The Real Riches in the Hampton

Written By: Andrea Rose

As I sat on the Hampton Jitney to Amagansett for the first time, I was so excited to experience all that I had heard about the Hamptons: the beauty, the celebrities, and the exciting parties. However, no one had told me about the real riches in the Hamptons.

I’d moved to New York City at the age of twenty-six from my hometown of Philadelphia to study fashion at Parsons School of Design, after graduating from the University of Pennsylvania. One of the most popular topics of conversation at Parsons was the glamorous Hamptons. It wasn’t long before I discovered the Hampton Jitney, the direct bus to all the towns in the Hamptons. So one lovely spring day, I decided to do some exploring and booked a round-trip ticket to the East End.

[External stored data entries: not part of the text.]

definition relabel :: "('a \<Rightarrow> 'b) \<Rightarrow> ('a, 'k::field) vec \<Rightarrow> ('b, 'k) vec" where
  "relabel \<sigma> = lin_ext (\<lambda>p. basisv (\<sigma> p))"

definition tassoc :: "(('a \<times> 'b) \<times> 'c, 'k::field) vec \<Rightarrow> ('a \<times> ('b \<times> 'c), 'k) vec" where
  "tassoc = relabel (\<lambda>((a, b), c). (a, (b, c)))"

definition midswap :: "(('a \<times> 'b) \<times> ('c \<times> 'd), 'k::field) vec \<Rightarrow> (('a \<times> 'c) \<times> ('b \<times> 'd), 'k) vec" where
  "midswap = relabel (\<lambda>((a, b), (c, d)). ((a, c), (b, d)))"

definition hom_assoc ::
  "(('a \<times> 'a, 'k::field) vec \<Rightarrow> ('a, 'k) vec) \<Rightarrow> (('a, 'k) vec \<Rightarrow> ('a, 'k) vec) \<Rightarrow> bool" where
  "hom_assoc \<mu> \<alpha> \<longleftrightarrow> klinear \<mu> \<and> klinear \<alpha> \<and>
     (\<forall>a b. \<alpha> (\<mu> (tensor a b)) = \<mu> (tensor (\<alpha> a) (\<alpha> b))) \<and>
     (\<forall>a b c. \<mu> (tensor (\<alpha> a) (\<mu> (tensor b c))) = \<mu> (tensor (\<mu> (tensor a b)) (\<alpha> c)))"

text \<open>Hom-bialgebra (H, \<mu>, \<Delta>, \<alpha>), without (co)units.\<close>
definition hom_bialgebra ::
  "(('h \<times> 'h, 'k::field) vec \<Rightarrow> ('h, 'k) vec) \<Rightarrow> (('h, 'k) vec \<Rightarrow> ('h \<times> 'h, 'k) vec)
     \<Rightarrow> (('h, 'k) vec \<Rightarrow> ('h, 'k) vec) \<Rightarrow> bool" where
  "hom_bialgebra \<mu> \<Delta> \<alpha> \<longleftrightarrow> hom_assoc \<mu> \<alpha> \<and> klinear \<Delta> \<and>
     (\<forall>h. tassoc (tmap \<Delta> \<alpha> (\<Delta> h)) = tmap \<alpha> \<Delta> (\<Delta> h)) \<and>
     (\<forall>h h'. \<Delta> (\<mu> (tensor h h')) = tmap \<mu> \<mu> (midswap (tensor (\<Delta> h) (\<Delta> h')))) \<and>
     (\<forall>h. \<Delta> (\<alpha> h) = tmap \<alpha> \<alpha> (\<Delta> h))"

definition right_module_hom_algebra ::
  "(('h \<times> 'h, 'k::field) vec \<Rightarrow> ('h, 'k) vec) \<Rightarrow> (('h, 'k) vec \<Rightarrow> ('h \<times> 'h, 'k) vec)
     \<Rightarrow> (('h, 'k) vec \<Rightarrow> ('h, 'k) vec)
     \<Rightarrow> (('c \<times> 'c, 'k) vec \<Rightarrow> ('c, 'k) vec) \<Rightarrow> (('c, 'k) vec \<Rightarrow> ('c, 'k) vec)
     \<Rightarrow> (('c \<times> 'h, 'k) vec \<Rightarrow> ('c, 'k) vec) \<Rightarrow> bool" where
  "right_module_hom_algebra \<mu>H \<Delta>H \<alpha>H \<mu>C \<alpha>C act \<longleftrightarrow>
     hom_assoc \<mu>C \<alpha>C \<and> klinear act \<and>
     (\<forall>c h. \<alpha>C (act (tensor c h)) = act (tensor (\<alpha>C c) (\<alpha>H h))) \<and>
     (\<forall>c h h'. act (tensor (act (tensor c h)) (\<alpha>H h')) = act (tensor (\<alpha>C c) (\<mu>H (tensor h h')))) \<and>
     (\<forall>c c' h. act (tensor (\<mu>C (tensor c c')) (\<alpha>H (\<alpha>H h)))
               = \<mu>C (tmap act act (midswap (tensor (tensor c c') (\<Delta>H h)))))"

text \<open>Product of the Hom-smash product H # C on basis elements:
 (h # c)(h' # c') = h \<alpha>_H^{-1}(h'_1) # (\<alpha>_C^{-1}(c) \<cdot> \<alpha>_H^{-2}(h'_2)) c'.\<close>
definition smash_mu_elem ::
  "(('h \<times> 'h, 'k::field) vec \<Rightarrow> ('h, 'k) vec) \<Rightarrow> (('h, 'k) vec \<Rightarrow> ('h \<times> 'h, 'k) vec)
     \<Rightarrow> (('h, 'k) vec \<Rightarrow> ('h, 'k) vec)
     \<Rightarrow> (('c \<times> 'c, 'k) vec \<Rightarrow> ('c, 'k) vec) \<Rightarrow> (('c, 'k) vec \<Rightarrow> ('c, 'k) vec)
     \<Rightarrow> (('c \<times> 'h, 'k) vec \<Rightarrow> ('c, 'k) vec)
     \<Rightarrow> ('h, 'k) vec \<Rightarrow> ('c, 'k) vec \<Rightarrow> ('h, 'k) vec \<Rightarrow> ('c, 'k) vec \<Rightarrow> ('h \<times> 'c, 'k) vec" where
  "smash_mu_elem \<mu>H \<Delta>H \<alpha>H \<mu>C \<alpha>C act h c h' c' =
     tmap (\<lambda>x. \<mu>H (tensor h (inv \<alpha>H x)))
          (\<lambda>y. \<mu>C (tensor (act (tensor (inv \<alpha>C c) (inv \<alpha>H (inv \<alpha>H y)))) c'))
          (\<Delta>H h')"

definition smash_mu ::
  "(('h \<times> 'h, 'k::field) vec \<Rightarrow> ('h, 'k) vec) \<Rightarrow> (('h, 'k) vec \<Rightarrow> ('h \<times> 'h, 'k) vec)
     \<Rightarrow> (('h, 'k) vec \<Rightarrow> ('h, 'k) vec)
     \<Rightarrow> (('c \<times> 'c, 'k) vec \<Rightarrow> ('c, 'k) vec) \<Rightarrow> (('c, 'k) vec \<Rightarrow> ('c, 'k) vec)
     \<Rightarrow> (('c \<times> 'h, 'k) vec \<Rightarrow> ('c, 'k) vec)
     \<Rightarrow> (('h \<times> 'c) \<times> ('h \<times> 'c), 'k) vec \<Rightarrow> ('h \<times> 'c, 'k) vec" where
  "smash_mu \<mu>H \<Delta>H \<alpha>H \<mu>C \<alpha>C act =
     lin_ext (\<lambda>((i, j), (i', j')).
        smash_mu_elem \<mu>H \<Delta>H \<alpha>H \<mu>C \<alpha>C act (basisv i) (basisv j) (basisv i') (basisv j'))"

definition smash_alpha ::
  "(('h, 'k::field) vec \<Rightarrow> ('h, 'k) vec) \<Rightarrow> (('c, 'k) vec \<Rightarrow> ('c, 'k) vec)
     \<Rightarrow> ('h \<times> 'c, 'k) vec \<Rightarrow> ('h \<times> 'c, 'k) vec" where
  "smash_alpha \<alpha>H \<alpha>C = tmap \<alpha>H \<alpha>C"

definition left_comodule ::
  "(('h, 'k::field) vec \<Rightarrow> ('h \<times> 'h, 'k) vec) \<Rightarrow> (('h, 'k) vec \<Rightarrow> ('h, 'k) vec)
     \<Rightarrow> (('m, 'k) vec \<Rightarrow> ('m, 'k) vec) \<Rightarrow> (('m, 'k) vec \<Rightarrow> ('h \<times> 'm, 'k) vec) \<Rightarrow> bool" where
  "left_comodule \<Delta>H \<alpha>H \<alpha>M coact \<longleftrightarrow> klinear coact \<and>
     (\<forall>m. tmap \<alpha>H \<alpha>M (coact m) = coact (\<alpha>M m)) \<and>
     (\<forall>m. tassoc (tmap \<Delta>H \<alpha>M (coact m)) = tmap \<alpha>H coact (coact m))"

definition hom_assoc_morphism ::
  "(('a \<times> 'a, 'k::field) vec \<Rightarrow> ('a, 'k) vec) \<Rightarrow> (('a, 'k) vec \<Rightarrow> ('a, 'k) vec)
     \<Rightarrow> (('b \<times> 'b, 'k) vec \<Rightarrow> ('b, 'k) vec) \<Rightarrow> (('b, 'k) vec \<Rightarrow> ('b, 'k) vec)
     \<Rightarrow> (('a, 'k) vec \<Rightarrow> ('b, 'k) vec) \<Rightarrow> bool" where
  "hom_assoc_morphism \<mu>A \<alpha>A \<mu>B \<alpha>B f \<longleftrightarrow> klinear f \<and>
     (\<forall>a. f (\<alpha>A a) = \<alpha>B (f a)) \<and>
     (\<forall>a a'. f (\<mu>A (tensor a a')) = \<mu>B (tensor (f a) (f a')))"

definition tensor_mu ::
  "(('a \<times> 'a, 'k::field) vec \<Rightarrow> ('a, 'k) vec) \<Rightarrow> (('b \<times> 'b, 'k) vec \<Rightarrow> ('b, 'k) vec)
     \<Rightarrow> (('a \<times> 'b) \<times> ('a \<times> 'b), 'k) vec \<Rightarrow> ('a \<times> 'b, 'k) vec" where
  "tensor_mu \<mu>A \<mu>B t = tmap \<mu>A \<mu>B (midswap t)"

definition left_comodule_hom_algebra ::
  "(('h \<times> 'h, 'k::field) vec \<Rightarrow> ('h, 'k) vec) \<Rightarrow> (('h, 'k) vec \<Rightarrow> ('h \<times> 'h, 'k) vec)
     \<Rightarrow> (('h, 'k) vec \<Rightarrow> ('h, 'k) vec)
     \<Rightarrow> (('d \<times> 'd, 'k) vec \<Rightarrow> ('d, 'k) vec) \<Rightarrow> (('d, 'k) vec \<Rightarrow> ('d, 'k) vec)
     \<Rightarrow> (('d, 'k) vec \<Rightarrow> ('h \<times> 'd, 'k) vec) \<Rightarrow> bool" where
  "left_comodule_hom_algebra \<mu>H \<Delta>H \<alpha>H \<mu>D \<alpha>D coact \<longleftrightarrow>
     hom_assoc \<mu>D \<alpha>D \<and> left_comodule \<Delta>H \<alpha>H \<alpha>D coact \<and>
     hom_assoc_morphism \<mu>D \<alpha>D (tensor_mu \<mu>H \<mu>D) (tmap \<alpha>H \<alpha>D) coact"

definition smash_coaction ::
  "(('h, 'k::field) vec \<Rightarrow> ('h \<times> 'h, 'k) vec) \<Rightarrow> (('c, 'k) vec \<Rightarrow> ('c, 'k) vec)
     \<Rightarrow> ('h \<times> 'c, 'k) vec \<Rightarrow> ('h \<times> ('h \<times> 'c), 'k) vec" where
  "smash_coaction \<Delta>H \<alpha>C t = tassoc (tmap \<Delta>H \<alpha>C t)"

end

theory Submission
  imports Defs
begin

text \<open>
All structure maps are linear, so every axiom of a left comodule Hom-algebra can be checked on
elementary tensors h \<otimes> c. Writing all maps in Sweedler notation, pushing the inverses of the
structure maps inwards through the (co)multiplicativity identities and re-associating all
products to the right, the two sides of each axiom become the same expression, up to a single
application of the Hom-coassociativity \<Delta>(h_1) \<otimes> \<alpha>(h_2) = \<alpha>(h_1) \<otimes> \<Delta>(h_2).
\<close>

section \<open>Free vector spaces\<close>

lemma lookup_scal [simp]: "Poly_Mapping.lookup (scal c x) a = c * Poly_Mapping.lookup x a"
  unfolding scal_def by transfer (simp add: when_def)

lemma lookup_basisv: "Poly_Mapping.lookup (basisv a) b = (if a = b then 1 else 0)"
  unfolding basisv_def by (simp add: lookup_single when_def)

lemma keys_basisv [simp]: "Poly_Mapping.keys (basisv a :: ('a, 'k::field) vec) = {a}"
  unfolding basisv_def by simp

lemma scal_add [simp]: "scal c (x + y) = scal c x + scal c y"
  by (rule poly_mapping_eqI) (simp add: lookup_add algebra_simps)

lemma scal_add_left: "scal (c + d) x = scal c x + scal d x"
  by (rule poly_mapping_eqI) (simp add: lookup_add algebra_simps)

lemma scal_scal [simp]: "scal c (scal d x) = scal (c * d) x"
  by (rule poly_mapping_eqI) (simp add: algebra_simps)

lemma scal_zero_left [simp]: "scal 0 x = 0"
  by (rule poly_mapping_eqI) simp

lemma scal_zero_right [simp]: "scal c 0 = 0"
  by (rule poly_mapping_eqI) simp

lemma scal_one [simp]: "scal 1 x = x"
  by (rule poly_mapping_eqI) simp

lemma scal_sum: "scal c (sum f S) = (\<Sum>i\<in>S. scal c (f i))"
  by (induction S rule: infinite_finite_induct) auto

lemma klinearD:
  assumes "klinear f"
  shows klinear_add: "f (x + y) = f x + f y" and klinear_scal: "f (scal c x) = scal c (f x)"
  using assms unfolding klinear_def by auto

lemma klinear_zero:
  assumes "klinear f"
  shows "f 0 = 0"
proof -
  have "f (0 + 0) = f 0 + f 0" using klinear_add[OF assms] .
  then show ?thesis by simp
qed

lemma klinear_sum: "klinear f \<Longrightarrow> f (sum g S) = (\<Sum>i\<in>S. f (g i))"
  by (induction S rule: infinite_finite_induct) (auto simp: klinear_zero klinearD)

By the time I arrived in Amagansett, I was starving, having not eaten breakfast. Since it was off-season, the area was very quiet, and only a few stores on Main Street were open. Across from the bus stop I found a deli. I decided to stop in before I began my day of exploration.

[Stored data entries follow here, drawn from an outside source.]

lemma coset_of_add:
  "finite (fsupp g) \<Longrightarrow> finite (fsupp h) \<Longrightarrow> coset_of g \<oplus>\<^bsub>W\<^esub> coset_of h = coset_of (\<lambda>w. g w + h w)"
  using ring_hom_add[OF ideal.rcos_ring_hom[OF ideal_rel_ideal], of g h]
  by (simp add: coset_of_def W_alg_def free_alg2_simps)

lemma one_W: "\<one>\<^bsub>W\<^esub> = coset_of (word_basis [])"
  by (simp add: W_alg_def FactRing_def coset_of_def free_alg2_simps)

lemma zero_W: "\<zero>\<^bsub>W\<^esub> = coset_of (\<lambda>w. 0)"
  using ring_hom_zero[OF ideal.rcos_ring_hom[OF ideal_rel_ideal] ring_free_alg2
      ideal.quotient_is_ring[OF ideal_rel_ideal]]
  by (simp add: coset_of_def W_alg_def free_alg2_simps)

lemma coset_of_eq_iff:
  "finite (fsupp g) \<Longrightarrow> finite (fsupp h) \<Longrightarrow> coset_of g = coset_of h \<longleftrightarrow> (\<lambda>w. g w - h w) \<in> rel_ideal"
  using ring.quotient_eq_iff_same_a_r_cos[OF ring_free_alg2 ideal_rel_ideal, of g h]
  by (simp add: coset_of_def a_minus_free_alg2 carrier_free_alg2)

lemma reduce_eq_if_coset_eq:
  assumes g: "finite (fsupp g)" and h: "finite (fsupp h)" and eq: "coset_of g = coset_of h"
  shows "reduce g = reduce h"
proof -
  have "act (\<lambda>w. g w - h w) (word_basis []) = (\<lambda>v. 0)"
    using eq by (intro act_rel_ideal) (simp_all add: coset_of_eq_iff[OF g h] word_basis_in_normal_forms)
  then show ?thesis by (simp add: reduce_def act_diff[OF g h] fun_eq_iff)
qed
lemma lax_time_evolution:
  fixes F G H Ft Gt Ht :: "real \<Rightarrow> real \<Rightarrow> complex poly" and U Ut :: "real \<Rightarrow> real \<Rightarrow> complex"
  assumes smooth: "smooth_poly_family F" "smooth_poly_family G" "smooth_poly_family H"
    and F: "\<And>x t. degree (F x t) = n \<and> lead_coeff (F x t) = 1"
    and H: "\<And>x t. degree (H x t) = n \<and> lead_coeff (H x t) = 1"
    and G: "\<And>x t. degree (G x t) < n"
    and deg_Ft: "\<And>x t. degree (Ft x t) \<le> r" and deg_Gt: "\<And>x t. degree (Gt x t) \<le> r"
    and deg_Ht: "\<And>x t. degree (Ht x t) \<le> r"
    and U: "\<And>x t. ((\<lambda>\<tau>. U x \<tau>) has_vector_derivative Ut x t) (at t)"
    and dF: "\<And>x t. poly_has_derivative (\<lambda>s. F s t)
      (smult (- \<i> * U x t) (F x t) - smult (2 * \<i>) (pCons 0 (G x t))) x"
    and dG: "\<And>x t. poly_has_derivative (\<lambda>s. G s t) (smult \<i> (H x t - F x t)) x"
    and dH: "\<And>x t. poly_has_derivative (\<lambda>s. H s t)
      (smult (\<i> * U x t) (H x t) + smult (2 * \<i>) (pCons 0 (G x t))) x"
    and dFt: "\<And>x t. poly_has_derivative (\<lambda>s. Ft s t)
      (smult (- \<i> * U x t) (Ft x t) - smult (2 * \<i>) (pCons 0 (Gt x t))) x"
    and dGt: "\<And>x t. poly_has_derivative (\<lambda>s. Gt s t) ([:\<i> / 2 * Ut x t:] + smult \<i> (Ht x t - Ft x t)) x"
    and dHt: "\<And>x t. poly_has_derivative (\<lambda>s. Ht s t)
      (smult (\<i> * U x t) (Ht x t) + smult (2 * \<i>) (pCons 0 (Gt x t))) x"
    and curve: "\<And>x t z. z\<^sup>2 * (poly (G x t) z)\<^sup>2 + z * poly (F x t) z * poly (H x t) z = R z"
  shows "poly_has_derivative (\<lambda>\<tau>. F x \<tau>) (smult 2 (G x t * Ft x t - F x t * Gt x t)) t"
    and "\<exists>G'. poly_has_derivative (\<lambda>\<tau>. G x \<tau>) G' t \<and> pCons 0 G' = F x t * Ht x t - Ft x t * H x t"
    and "poly_has_derivative (\<lambda>\<tau>. H x \<tau>) (smult 2 (H x t * Gt x t - G x t * Ht x t)) t"
proof -
  have deg_n: "degree (F x t) \<le> n" "degree (G x t) \<le> n" "degree (H x t) \<le> n" for x t
    using F[of x t] G[of x t] H[of x t] by auto
  obtain FT GT HT where FT: "\<And>x t. poly_has_derivative (\<lambda>\<tau>. F x \<tau>) (FT x t) t"
    and GT: "\<And>x t. poly_has_derivative (\<lambda>\<tau>. G x \<tau>) (GT x t) t"
    and HT: "\<And>x t. poly_has_derivative (\<lambda>\<tau>. H x \<tau>) (HT x t) t"
    and dFT: "\<And>x t. poly_has_derivative (\<lambda>s. FT s t)
      (smult (- \<i> * Ut x t) (F x t) + smult (- \<i> * U x t) (FT x t) - smult (2 * \<i>) (pCons 0 (GT x t))) x"
    and dGT: "\<And>x t. poly_has_derivative (\<lambda>s. GT s t) (smult \<i> (HT x t - FT x t)) x"
    and dHT: "\<And>x t. poly_has_derivative (\<lambda>s. HT s t)
      (smult (\<i> * Ut x t) (H x t) + smult (\<i> * U x t) (HT x t) + smult (2 * \<i>) (pCons 0 (GT x t))) x"
    by (rule x_flow_time_derivatives[OF smooth deg_n U dF dG dH]) blast
  have curve_t: "smult 2 (pCons 0 (G s t * GT s t)) + FT s t * H s t + F s t * HT s t = 0" for s
    by (rule poly_has_derivative_curve_eq_0[OF FT GT HT curve])
  have deg_T: "degree (FT s t) \<le> n" "degree (GT s t) \<le> n" "degree (HT s t) \<le> n" for s
    using poly_has_derivative_degree_le[OF FT deg_n(1)] poly_has_derivative_degree_le[OF GT deg_n(2)]
      poly_has_derivative_degree_le[OF HT deg_n(3)] by blast+
  note lax = lax_time_derivatives_eq[where F="\<lambda>s. F s t" and G="\<lambda>s. G s t" and H="\<lambda>s. H s t"
      and Ft="\<lambda>s. Ft s t" and Gt="\<lambda>s. Gt s t" and Ht="\<lambda>s. Ht s t" and FT="\<lambda>s. FT s t"
      and GT="\<lambda>s. GT s t" and HT="\<lambda>s. HT s t" and U="\<lambda>s. U s t" and Ut="\<lambda>s. Ut s t",
      OF F H G deg_Ft deg_Gt deg_Ht deg_T dF dG dH dFt dGt dHt dFT dGT dHT curve_t]
  show "poly_has_derivative (\<lambda>\<tau>. F x \<tau>) (smult 2 (G x t * Ft x t - F x t * Gt x t)) t"
    using FT[of x t] lax(1)[of x] by simp
  show "\<exists>G'. poly_has_derivative (\<lambda>\<tau>. G x \<tau>) G' t \<and> pCons 0 G' = F x t * Ht x t - Ft x t * H x t"
    using GT[of x t] lax(2)[of x] by blast
  show "poly_has_derivative (\<lambda>\<tau>. H x \<tau>) (smult 2 (H x t * Gt x t - G x t * Ht x t)) t"
    using HT[of x t] lax(3)[of x] by simp
qed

It looked like any typical small-town deli, with stools around the counter and small private booths. The deli was empty, and I took one of the stools. Before I knew it, a short, stocky woman wearing a white apron rushed to the counter from the back. With a wide smile, she said in a high-pitched voice, “What would you like to eat? I haven’t seen you here before. My name is Emily Cullum, and I own the deli.” Her bubbly personality made me feel immediately at ease. I told her I was new to the area and didn’t know what her specials were. In less time than it took for her to fix me her special tuna-salad sandwich, she invited me into her kitchen and started telling me all about the Hamptons and her life growing up there.

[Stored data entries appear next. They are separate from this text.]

lemma power_sum_herm_poly_Suc:
  assumes "root_norm \<noteq> 0"
  shows "power_sum (herm_poly q \<alpha> \<beta>) (k + 1) =
    \<alpha> ^ q * power_sum (herm_poly q \<alpha> \<beta>) k + coeff ([:0, 1:] ^ k mod herm_poly q \<alpha> \<beta>) q * root_norm"
proof -
  define U where "U = {u::'a. u ^ (q + 1) = root_norm}"
  have power_sums: "(\<Sum>u\<in>U. u ^ j) = 0" if "1 \<le> j" "j \<le> q" for j
    unfolding U_def using CARD_eq assms root_norm_power_q that by (rule sum_power_norm_fibre_eq_0)
  have power_sum_eq: "power_sum (herm_poly q \<alpha> \<beta>) i = (\<Sum>u\<in>U. (u + \<alpha> ^ q) ^ i)" for i
    unfolding power_sum_def roots_herm_poly U_def by (subst sum.reindex) (auto simp: inj_on_def)
  have "(\<Sum>u\<in>U. (u + \<alpha> ^ q) ^ q * u) = (\<Sum>u\<in>U. root_norm + \<alpha> * u ^ 1)"
    by (intro sum.cong) (simp_all add: U_def power_q_add power_q_power_q algebra_simps)
  also have "\<dots> = of_nat (q + 1) * root_norm"
    using power_sums[of 1] two_le_q card_power_Suc_eq_if_CARD_eq_square[OF CARD_eq assms root_norm_power_q]
    by (simp add: sum.distrib U_def flip: sum_distrib_left)
  finally have sum_norm: "(\<Sum>u\<in>U. (u + \<alpha> ^ q) ^ q * u) = root_norm"
    by (simp add: of_nat_q)
  have "power_sum (herm_poly q \<alpha> \<beta>) (k + 1) =
      \<alpha> ^ q * power_sum (herm_poly q \<alpha> \<beta>) k + (\<Sum>u\<in>U. poly ([:0, 1:] ^ k) (u + \<alpha> ^ q) * u)"
    by (simp add: power_sum_eq sum_distrib_left algebra_simps flip: sum.distrib)
  also have "(\<Sum>u\<in>U. poly ([:0, 1:] ^ k) (u + \<alpha> ^ q) * u) =
      coeff ([:0, 1:] ^ k mod herm_poly q \<alpha> \<beta>) q * (\<Sum>u\<in>U. (u + \<alpha> ^ q) ^ q * u)"
    using two_le_q power_sums
    by (intro sum_poly_shifted_times_eq_coeff_mod) (simp_all add: degree_herm_poly poly_herm_poly_shift U_def two_eq_0)
  finally show ?thesis
    by (simp add: sum_norm)
qed

end

theorem mainTheorem4:
  fixes q m :: nat and \<alpha> \<beta> :: "'a::{field,finite}"
  assumes "q = 2 ^ m"
    and "CARD('a) = q ^ 2"
    and "\<not> line_tangent_herm q \<alpha> \<beta>"
  shows "\<forall>k::nat. power_sum (herm_poly q \<alpha> \<beta>) (k + 1) = \<alpha> ^ q * power_sum (herm_poly q \<alpha> \<beta>) k
           \<longleftrightarrow> degree ([:0, 1:] ^ k mod herm_poly q \<alpha> \<beta>) < q"
proof -
  interpret hermitian_line q m \<alpha> \<beta>
    using assms(1,2) by unfold_locales
  have "root_norm \<noteq> 0"
    using assms(3) line_tangent_herm_if_root_norm_eq_0 by blast
  show ?thesis
  proof
    fix k
    have "degree ([:0, 1:] ^ k mod herm_poly q \<alpha> \<beta>) \<le> q"
      using two_le_q by (intro degree_mod_le_if_degree_eq_Suc) (simp add: degree_herm_poly)
    then have "coeff ([:0, 1:] ^ k mod herm_poly q \<alpha> \<beta>) q = 0
        \<longleftrightarrow> degree ([:0, 1:] ^ k mod herm_poly q \<alpha> \<beta>) < q"
      by (rule coeff_eq_0_iff_degree_less) (use two_le_q in simp)
    then show "power_sum (herm_poly q \<alpha> \<beta>) (k + 1) = \<alpha> ^ q * power_sum (herm_poly q \<alpha> \<beta>) k
        \<longleftrightarrow> degree ([:0, 1:] ^ k mod herm_poly q \<alpha> \<beta>) < q"
      using power_sum_herm_poly_Suc[OF \<open>root_norm \<noteq> 0\<close>, of k] \<open>root_norm \<noteq> 0\<close> by simp
  qed
qed

end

Her family had come from Nova Scotia in the early 1900s. Her father was a fisherman who had passed on, and her mother was an active eighty-year-old with whom she was very close. She told me stories of her childhood and how she’d loved growing up in the area. We spent hours talking and getting to know each other, and before I knew it, two hours had passed. I thanked her for her fabulous food, looking forward to visiting her deli again.

Over the next several months, I took every chance I could to visit Amagansett and Emily’s deli. One weekend, Emily invited me to her home on Hedges Lane, where I met her children, Dell, Gail, Marilyn, and Diane. I started spending weekends with Emily and her children and, gradually, became one of the family.

Emily and I became close friends despite our different lives. She was going through a divorce, fighting the world on her own while raising four children and running a business. I was a fashion student trying to find my way in New York City without knowing anyone to help me navigate the rough road to success. This was an unusual alliance, but for both of us it brought support, caring, and love.

The years passed quickly, and our lives changed along with them. I became a fashion designer on Seventh Avenue, and Emily began traveling, having sold her business. Still, we kept in touch, and time seem to stand still whenever we spoke to each other, as it had the first time I visited her deli.

Emily is now retired and living back in Amagansett, happily spending time with her children and grandchildren. I have made my mark in the world of fashion, having been recognized as “Inventor of the Year” for an online system that revolutionized online shopping. Today, more than forty years after we first met, I am as close as ever with Emily and her family. The Hamptons feels like my second home, with the special love I have with my adopted Hamptons family—the greatest riches of all on the East End for me!